Check the listing below line by line and report how many lines hold "sums", with no other words.
● ● ● ●
text \<open>The parity-check matrix H, rows 0..m*delta+1, columns 0..m*(r+1)-1.
  Column j lies in local group g = j div (r+1) (group g corresponds to H_(g+1)),
  with in-group index b = j mod (r+1).  Rows g*delta + a (a < delta) form the
  g-th copy of H_0; row m*delta is the first row of the H_j's, row m*delta+1 the
  second row.\<close>
definition pmds_H :: "'a::field \<Rightarrow> 'a \<Rightarrow> nat \<Rightarrow> nat \<Rightarrow> nat \<Rightarrow> nat \<Rightarrow> nat \<Rightarrow> 'a" where
  "pmds_H \<alpha> \<beta> m r \<delta> i j =
     (if i < m * \<delta> then
        (if j div (r + 1) = i div \<delta> then \<beta> ^ ((i mod \<delta>) * (j mod (r + 1))) else 0)
      else if i = m * \<delta> then \<beta> ^ (\<delta> * (j mod (r + 1)))
      else \<alpha> ^ (j div (r + 1)) * (inverse \<beta>) ^ (j mod (r + 1)))"

definition pmds_code :: "'a::field \<Rightarrow> 'a \<Rightarrow> nat \<Rightarrow> nat \<Rightarrow> nat \<Rightarrow> (nat \<Rightarrow> 'a) set" where
  "pmds_code \<alpha> \<beta> m r \<delta> =
     {c. (\<forall>i\<ge>m * (r + 1). c i = 0) \<and>
         (\<forall>i < m * \<delta> + 2. (\<Sum>j < m * (r + 1). pmds_H \<alpha> \<beta> m r \<delta> i j * c j) = 0)}"

definition corrects_erasures :: "(nat \<Rightarrow> 'a) set \<Rightarrow> nat set \<Rightarrow> bool" where
  "corrects_erasures C E \<longleftrightarrow>
     (\<forall>c\<in>C. \<forall>d\<in>C. (\<forall>i. i \<notin> E \<longrightarrow> c i = d i) \<longrightarrow> c = d)"

end

theory Submission
  imports Defs "HOL-Computational_Algebra.Polynomial"
begin

text \<open>
  Let \<open>x\<close> be a codeword supported on the erasures and give coordinate \<open>b\<close> of a local group
  the point \<open>z = \<beta>\<^sup>b\<close>; these points are distinct within a group since \<open>\<psi> \<ge> r + 1\<close>. The \<open>H\<^sub>0\<close>-rows
  say that the power sums \<open>\<Sum> z\<^sup>a x\<close>, \<open>a < \<delta>\<close>, over each group vanish, so by Vandermonde a group
  with exactly \<open>\<delta>\<close> erasures carries no information. The two excess erasures lie either in a
  single group, where the global rows supply the power sums of index \<open>\<delta>\<close> and \<open>-1\<close> and
  Vandermonde applies again, or in two groups \<open>g, h\<close> with \<open>\<delta> + 1\<close> erasures each. In the latter
  case reducing \<open>z\<^sup>\<delta>\<close> modulo \<open>\<Prod>(X - z)\<close> gives \<open>\<Sum> z\<^sup>\<delta> x = \<plusminus>P \<Sum> z\<inverse> x\<close> with \<open>P = \<Prod> z\<close>, so the
  global rows become a \<open>2 \<times> 2\<close> system in the sums \<open>\<Sum> z\<inverse> x\<close> of the two groups. Its determinant
  \<open>P\<^sub>g \<alpha>\<^sup>h - P\<^sub>h \<alpha>\<^sup>g\<close> is nonzero: raising to the power \<open>\<psi>\<close> kills \<open>P\<^sub>g, P\<^sub>h\<close> and leaves
  \<open>\<alpha>\<^sup>\<psi>\<^sup>h \<noteq> \<alpha>\<^sup>\<psi>\<^sup>g\<close>, because \<open>\<psi> m\<close> is at most the order of \<open>\<alpha>\<close>.
\<close>

lemma power_diff_eq_one:
  fixes x :: "'a::field"
  assumes "x \<noteq> 0" "u \<le> v" "x ^ u = x ^ v"
  shows "x ^ (v - u) = 1"
proof -
  have "x ^ u * x ^ (v - u) = x ^ v"
    using assms(2) by (simp flip: power_add)
  then have "x ^ u * x ^ (v - u) = x ^ u * 1"
    using assms(3) by simp
  then show ?thesis
    using assms(1) by simp
qed

lemma ex_power_eq_one:
  fixes x :: "'a::{finite,field}"
  assumes "x \<noteq> 0"
  shows "\<exists>k>0. x ^ k = 1"
proof -
  have "\<not> inj (\<lambda>n::nat. x ^ n)"
    using finite_imageD infinite_UNIV_nat by (metis finite)
  then obtain i j :: nat where "i < j" "x ^ i = x ^ j"
    unfolding inj_def by (metis linorder_neq_iff)
  then show ?thesis
    using power_diff_eq_one[OF assms] by (metis less_imp_le zero_less_diff)
qed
● ● ● ●
EXERCISE RESULT: 3